The Price We Pay (2022)

Rating: B

Dir: Ryuhei Kitamura
Star: Gigi Zumbado, Stephen Dorff, Emile Hirsch, Vernon Wells

I thoroughly enjoyed the cheerily savage nature of this. Much like From Dusk Till Dawn, it starts off a hostage taking thriller, before making a sharp left-turn into horror territory. In this case, a robbery at a pawn shop goes wrong, and the perpetrators, led by Cody (Dorff), take customer Grace (Zumbado) captive, as they try to make their way away. After an attempt to avoid a road-block and a car breakdown, they seek refuge on a nearby farm, despite the reluctance of their teenage host. To nobody’s surprise except theirs: big mistake. For they have just walked into, and been captured by, a rural organ-harvesting ring run by a mad doctor (Wells) and his family. At least it’s not vampires.

You want more plot? Um… Sorry, you’re largely out of luck. This is stripped down survival horror, although the early stages do have some additional character building.

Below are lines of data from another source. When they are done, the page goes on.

lemma padic_quot_mult_power:
  assumes "p > 0"
  shows "padic_quot p (a * p ^ t) (e + int t) = padic_quot p a e"
proof
  fix j
  have "nat (j + (e + int t)) = nat (j + e) + t" if "j + e \<ge> 0"
    using that by arith
  then show "padic_quot p (a * p ^ t) (e + int t) j = padic_quot p a e j"
    using assms by (auto simp: padic_quot_digit nat_digit_mult_power)
qed

lemma powi_diff_of_nat:
  fixes x :: real
  assumes "x \<noteq> 0"
  shows "x powi (int i - e) = x ^ i * x powi (- e)"
  using power_int_add[of x "int i" "- e"] assms by (simp add: power_int_of_nat)

lemma padic_trunc_quot:
  assumes "p > 0"
  shows "padic_trunc p (padic_quot p a e) n = real (a mod p ^ nat (n + e)) * real p powi (- e)"
proof -
  let ?d = "padic_quot p a e"
  define m where "m = nat (n + e)"
  have support: "{j. j < n \<and> ?d j \<noteq> 0} = (\<lambda>i. int i - e) ` {i. i < m \<and> nat_digit p a i \<noteq> 0}"
  proof (intro set_eqI iffI)
    fix j assume "j \<in> {j. j < n \<and> ?d j \<noteq> 0}"
    then show "j \<in> (\<lambda>i. int i - e) ` {i. i < m \<and> nat_digit p a i \<noteq> 0}"
      unfolding m_def by (intro image_eqI[of _ _ "nat (j + e)"]) (auto simp: padic_quot_digit split: if_splits)
  qed (auto simp: m_def padic_quot_digit)
  have "padic_trunc p ?d n
      = (\<Sum>i\<in>{i. i < m \<and> nat_digit p a i \<noteq> 0}. real (nat_digit p a i) * real p powi (int i - e))"
    unfolding padic_trunc_def support by (subst sum.reindex) (auto simp: inj_on_def padic_quot_digit)
  also have "\<dots> = (\<Sum>i<m. real (nat_digit p a i) * real p powi (int i - e))"
    by (rule sum.mono_neutral_left) auto
  also have "\<dots> = real (\<Sum>i<m. nat_digit p a i * p ^ i) * real p powi (- e)"
    using assms by (simp add: sum_distrib_right powi_diff_of_nat mult.assoc)
  finally show ?thesis by (simp only: sum_nat_digits m_def)
qed

lemma rmod_scale:
  assumes "x > 0"
  shows "rmod (u * x) (v * x) = rmod u v * x"
  using assms by (simp add: rmod_def algebra_simps)

lemma rmod_of_nat: "rmod (real w) (real q) = real (w mod q)"
proof -
  have "real w = real q * real (w div q) + real (w mod q)"
    by (metis div_mult_mod_eq of_nat_add of_nat_mult mult.commute)
  then show ?thesis
    unfolding rmod_def floor_divide_of_nat_eq of_int_of_nat_eq by linarith
qed

lemma padic_smult_quot:
  assumes "p > 0"
  shows "padic_smult p k (padic_quot p a e) = padic_quot p (k * a) e"
proof
  fix j
  let ?x = "real p powi (- e)"
  have x: "?x > 0" using assms by simp
  show "padic_smult p k (padic_quot p a e) j = padic_quot p (k * a) e j"
  proof (cases "j + e < 0")
    case True
    then have "nat (j + 1 + e) = 0" by simp
    then show ?thesis using True assms
      by (simp add: padic_smult_def padic_trunc_quot rmod_def padic_quot_digit)
  next
    case False
    define i where "i = nat (j + e)"
    have j: "j = int i - e" and j1: "j + 1 = int (Suc i) - e" and i1: "nat (j + 1 + e) = Suc i"
      using False by (simp_all add: i_def)
    have trunc: "padic_trunc p (padic_quot p a e) (j + 1) = real (a mod p ^ Suc i) * ?x"
      using padic_trunc_quot[OF assms] i1 by simp
    have powi_j1: "real p powi (j + 1) = real (p ^ Suc i) * ?x"
      using powi_diff_of_nat[of "real p" "Suc i" e] assms by (simp only: j1) simp
    have powi_j: "real p powi j = real (p ^ i) * ?x"
      using powi_diff_of_nat[of "real p" i e] assms by (simp add: j)
    have "real k * (real (a mod p ^ Suc i) * ?x) = real (k * (a mod p ^ Suc i)) * ?x"
      by simp
    then have "rmod (real k * padic_trunc p (padic_quot p a e) (j + 1)) (real p powi (j + 1))
        = real (k * a mod p ^ Suc i) * ?x"
      unfolding trunc powi_j1 by (simp only: rmod_scale[OF x] rmod_of_nat mod_mult_right_eq)
    then have "padic_smult p k (padic_quot p a e) j
        = nat \<lfloor>real (k * a mod p ^ Suc i) * ?x / (real (p ^ i) * ?x)\<rfloor>"
      unfolding padic_smult_def by (simp only: powi_j)
    also have "real (k * a mod p ^ Suc i) * ?x / (real (p ^ i) * ?x)
        = real (k * a mod p ^ Suc i) / real (p ^ i)"
      using x assms by simp
    also have "nat \<lfloor>real (k * a mod p ^ Suc i) / real (p ^ i)\<rfloor> = k * a mod p ^ Suc i div p ^ i"
      by (simp only: floor_divide_of_nat_eq nat_int)
    also have "\<dots> = nat_digit p (k * a) i"
      by (rule mod_power_Suc_div_power)
    moreover have "padic_quot p (k * a) e j = nat_digit p (k * a) i"
      using False by (simp add: padic_quot_digit i_def)
    ultimately show ?thesis by (simp only:)
  qed
qed

lemma padic_val_eqI:
  assumes "d v \<noteq> 0" and "\<And>j. j < v \<Longrightarrow> d j = 0"
  shows "padic_val d = v"
  unfolding padic_val_def
proof (rule the_equality)
  fix w assume w: "d w \<noteq> 0 \<and> (\<forall>j<w. d j = 0)"
  then show "w = v" using assms by (metis linorder_neqE)
qed (use assms in blast)

lemma padic_norm_quot_le_imp_dvd:
  assumes "p \<ge> 2" and "a > 0"
    and norm: "padic_norm p (padic_quot p a e) \<le> real p powi M" and "int t \<le> e - M"
  shows "p ^ t dvd a"
proof -
  define v where "v = (LEAST i. nat_digit p a i \<noteq> 0)"
  have "nat_digit p a v \<noteq> 0"
    unfolding v_def using nat_digit_nonzero_exists[OF assms(1,2)] by (rule LeastI_ex)
  have below: "nat_digit p a i = 0" if "i < v" for i
    using that not_less_Least unfolding v_def by blast
  have lowest: "padic_quot p a e (int v - e) \<noteq> 0"
    using \<open>nat_digit p a v \<noteq> 0\<close> by (simp add: padic_quot_digit)
  have "padic_val (padic_quot p a e) = int v - e"
  proof (rule padic_val_eqI)
    show "padic_quot p a e (int v - e) \<noteq> 0" by (fact lowest)
  next
    fix j assume "j < int v - e"
    then show "padic_quot p a e j = 0" using below by (simp add: padic_quot_digit nat_less_iff)
  qed
  then have "padic_norm p (padic_quot p a e) = real p powi (e - int v)"
    using lowest by (auto simp: padic_norm_def)
  then have "real p powi (e - int v) \<le> real p powi M"
    using norm by simp
  then have "e - int v \<le> M"
    using power_int_strict_increasing[of M "e - int v" "real p"] assms(1) by force
  then have "a mod p ^ t = (\<Sum>i<t. nat_digit p a i * p ^ i)"
    using \<open>int t \<le> e - M\<close> by (simp add: sum_nat_digits)
  also have "\<dots> = 0"
    using below \<open>e - int v \<le> M\<close> \<open>int t \<le> e - M\<close> by simp
  finally show ?thesis by (simp add: mod_eq_0_iff_dvd)
qed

We get a bit of sympathy for Grace in her interaction with the sleazy pawn-shop owner. There’s also tension between Cody and Alex (Hirsch), mostly because the latter is a complete psycho. Again, this is not unlike FDTD, and the Seth and Richard Gecko siblings. It’s funny how often this happens in crime movies. If there are three people carrying out a robbery, it feels like there will inevitably be a smart one, a stupid one and a psycho. Anyway, it’s Alex who first encounters the family, as he seeks to silence the teenage witness. Discovering an underground bunker beneath the barn should probably have been a big red flag, I’d say.

The participants on both sides are largely memorable, not least the Doctor’s daughter Jodi, played by the 6’8″ tall Erika Ervin. There haven’t been many times the unstoppable monstrous killer in a horror movie has bee a woman, but this killer and the eventual manner of her demise are bound to stick in your mind. Indeed, the same goes for everyone else that doesn’t make it. If you said their deaths make more of an impression than your lives, I wouldn’t argue. It’s the kind of film where that is not what I would call a weakness, however. We’re here for the entertaining mayhem, and the grimmer the better.

Dorff seems to be heading steadily closer to turning into a low-rent version of Kiefer Sutherland, the later he gets in his career. That’s fine for this kind of role, where you want someone who can kick ass, while being a bit edgy about it, yet still retaining the audience’s sympathy. Wells also does well, as it were: s’funny, we don’t see him in forever, then two movies starring the veteran crop up in little more than a month, with this and Red Snow. Having recently been disappointed by some old-school Kitamura – which is what alerted me to this – it’s good to see he can still deliver the imaginative carnage for which we love him. I hope he keeps getting the chance to show it.